This notebook shows you how to do comparisons across both tabular and text data across multiple PDF documents.

We load in multiple PDFs with embedded tables (2021 and 2020 10K filings for Apple) using LlamaParse, parse each into a hierarchy of tables/text objects, define a recursive retriever over each, and then compose both with a SubQuestionQueryEngine.

## Setup

Install core packages, download files, parse documents.

In [None]:
!pip install llama-index
!pip install llama-index-core
!pip install llama-index-embeddings-openai
!pip install llama-index-question-gen-openai
!pip install llama-index-postprocessor-flag-embedding-reranker
!pip install git+https://github.com/FlagOpen/FlagEmbedding.git
!pip install llama-parse

In [None]:
!wget "https://s2.q4cdn.com/470004039/files/doc_financials/2020/ar/_10-K-2020-(As-Filed).pdf" -O apple_2020_10k.pdf
!wget "https://s2.q4cdn.com/470004039/files/doc_financials/2021/q4/_10-K-2021-(As-Filed).pdf" -O apple_2021_10k.pdf

Some OpenAI and LlamaParse details

In [None]:
# llama-parse is async-first, running the async code in a notebook requires the use of nest_asyncio
import nest_asyncio

nest_asyncio.apply()

import os

# API access to llama-cloud
os.environ["LLAMA_CLOUD_API_KEY"] = "llx-"

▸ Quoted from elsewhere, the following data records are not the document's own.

text \<open>An automaton is given by its accepting states \<open>F\<close>, sequential transitions \<open>\<delta>\<close>
and parallel transitions \<open>\<gamma>\<close>; the state space is the type \<open>'q\<close>.\<close>

definition pomset_automaton ::
  "'q set \<Rightarrow> ('q \<Rightarrow> 'a \<Rightarrow> 'q set) \<Rightarrow> ('q \<Rightarrow> 'q multiset \<Rightarrow> 'q set) \<Rightarrow> bool" where
  "pomset_automaton F \<delta> \<gamma> \<longleftrightarrow> (\<forall>q. finite {\<phi>. \<gamma> q \<phi> \<noteq> {}})"

inductive run ::
  "'q set \<Rightarrow> ('q \<Rightarrow> 'a \<Rightarrow> 'q set) \<Rightarrow> ('q \<Rightarrow> 'q multiset \<Rightarrow> 'q set) \<Rightarrow>
   'q \<Rightarrow> 'a lposet \<Rightarrow> 'q \<Rightarrow> bool"
  for F \<delta> \<gamma> where
  R1: "is_pomset W \<Longrightarrow> pom_iso W pempty \<Longrightarrow> run F \<delta> \<gamma> q W q"
| R2: "is_pomset W \<Longrightarrow> pom_iso W (prim a) \<Longrightarrow> q' \<in> \<delta> q a \<Longrightarrow> run F \<delta> \<gamma> q W q'"
| R3: "is_pomset W \<Longrightarrow> pom_iso W (seq_comp U V) \<Longrightarrow> run F \<delta> \<gamma> q U q'' \<Longrightarrow>
       run F \<delta> \<gamma> q'' V q' \<Longrightarrow> run F \<delta> \<gamma> q W q'"
| R4: "is_pomset W \<Longrightarrow> pom_iso W (par_list (map snd xs)) \<Longrightarrow>
       q' \<in> \<gamma> q (mset (map fst xs)) \<Longrightarrow>
       (\<forall>i<length xs. \<exists>qf\<in>F. run F \<delta> \<gamma> (fst (xs ! i)) (snd (xs ! i)) qf) \<Longrightarrow>
       run F \<delta> \<gamma> q W q'"

definition trivial_run where
  "trivial_run F \<delta> \<gamma> q U q' \<longleftrightarrow> q = q' \<and> pom_iso U pempty"

definition seq_unit_run where
  "seq_unit_run F \<delta> \<gamma> q U q' \<longleftrightarrow> (\<exists>a. pom_iso U (prim a) \<and> q' \<in> \<delta> q a)"

definition par_unit_run where
  "par_unit_run F \<delta> \<gamma> q U q' \<longleftrightarrow> (\<exists>xs. pom_iso U (par_list (map snd xs)) \<and>
     q' \<in> \<gamma> q (mset (map fst xs)) \<and>
     (\<forall>i<length xs. \<exists>qf\<in>F. run F \<delta> \<gamma> (fst (xs ! i)) (snd (xs ! i)) qf))"

definition composite_run where
  "composite_run F \<delta> \<gamma> q U q' \<longleftrightarrow> (\<exists>U1 U2 q''. pom_iso U (seq_comp U1 U2) \<and>
     run F \<delta> \<gamma> q U1 q'' \<and> run F \<delta> \<gamma> q'' U2 q' \<and>
     \<not> trivial_run F \<delta> \<gamma> q U1 q'' \<and> \<not> trivial_run F \<delta> \<gamma> q'' U2 q')"

definition well_structured ::
  "'q set \<Rightarrow> ('q \<Rightarrow> 'q multiset \<Rightarrow> 'q set) \<Rightarrow> bool" where
  "well_structured F \<gamma> \<longleftrightarrow>
     (\<forall>q \<phi>. \<gamma> q \<phi> \<noteq> {} \<longrightarrow> size \<phi> \<ge> 2) \<and>
     (\<forall>q q' \<phi>. q' \<in># \<phi> \<and> \<gamma> q \<phi> \<noteq> {} \<longrightarrow> q' \<notin> F \<and> (\<forall>\<phi>'. \<gamma> q' \<phi>' \<inter> F = {}))"

end

theory Submission
  imports Defs
begin

(* In a well-structured automaton every run on the empty pomset is trivial: a parallel
   transition forks into at least two threads that start outside F, and by induction a
   thread reading nothing ends where it started, so it cannot accept. Consequently a
   composition with an empty factor collapses to a run of the other factor, and every run is of
   one of the four kinds. Each kind determines the shape of the pomset read: empty, a single
   element, a sequential composition of nonempty factors, or (since a fork has at least two
   nonempty threads) a parallel one. These shapes are pairwise exclusive -- by counting
   elements, and because a parallel composition is disconnected whereas a sequential one is
   not -- so each kind of run corresponds exactly to its shape. *)

lemma pom_iso_sym:
  assumes "pom_iso P R" shows "pom_iso R P"
proof -
  obtain f where f: "bij_betw f (car P) (car R)" "\<forall>x\<in>car P. lbl R (f x) = lbl P x"
    "\<forall>x\<in>car P. \<forall>y\<in>car P. (x, y) \<in> le P \<longleftrightarrow> (f x, f y) \<in> le R"
    using assms unfolding pom_iso_def by blast
  have "bij_betw (inv_into (car P) f) (car R) (car P)"
    using f(1) by (rule bij_betw_inv_into)
  moreover have "\<And>y. y \<in> car R \<Longrightarrow> inv_into (car P) f y \<in> car P \<and> f (inv_into (car P) f y) = y"
    using f(1) by (meson bij_betwE bij_betw_inv_into bij_betw_inv_into_right)
  ultimately show ?thesis
    unfolding pom_iso_def using f(2,3) by metis
qed

lemma pom_iso_trans:
  assumes "pom_iso P R" "pom_iso R S" shows "pom_iso P S"
proof -
  obtain f where f: "bij_betw f (car P) (car R)" "\<forall>x\<in>car P. lbl R (f x) = lbl P x"
    "\<forall>x\<in>car P. \<forall>y\<in>car P. (x, y) \<in> le P \<longleftrightarrow> (f x, f y) \<in> le R"
    using assms(1) unfolding pom_iso_def by blast
  obtain g where g: "bij_betw g (car R) (car S)" "\<forall>x\<in>car R. lbl S (g x) = lbl R x"
    "\<forall>x\<in>car R. \<forall>y\<in>car R. (x, y) \<in> le R \<longleftrightarrow> (g x, g y) \<in> le S"
    using assms(2) unfolding pom_iso_def by blast
  have "\<And>x. x \<in> car P \<Longrightarrow> f x \<in> car R"
    using f(1) by (meson bij_betwE)
  then show ?thesis
    unfolding pom_iso_def using bij_betw_trans[OF f(1) g(1)] f(2,3) g(2,3)
    by (intro exI[of _ "g \<circ> f"]) auto
qed

lemma pom_iso_card: "pom_iso P R \<Longrightarrow> card (car P) = card (car R)"
  unfolding pom_iso_def using bij_betw_same_card by blast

# Using OpenAI API for embeddings/llms
os.environ["OPENAI_API_KEY"] = "sk-"

In [None]:
from llama_index.llms.openai import OpenAI
from llama_index.embeddings.openai import OpenAIEmbedding
from llama_index.core import VectorStoreIndex
from llama_index.core import Settings

embed_model = OpenAIEmbedding(model="text-embedding-3-small")
llm = OpenAI(model="gpt-3.5-turbo-0125")

Settings.llm = llm
Settings.embed_model = embed_model

## Using brand new `LlamaParse` PDF reader for PDF Parsing

we also compare two different retrieval/query engine strategies:
1. Using raw Markdown text as nodes for building index and apply simple query engine for generating the results;
2. Using `MarkdownElementNodeParser` for parsing the `LlamaParse` output Markdown results and building recursive retriever query engine for generation.

In [None]:
from llama_parse import LlamaParse

docs_2021 = LlamaParse(result_type="markdown").load_data("./apple_2021_10k.pdf")
docs_2020 = LlamaParse(result_type="markdown").load_data("./apple_2020_10k.pdf")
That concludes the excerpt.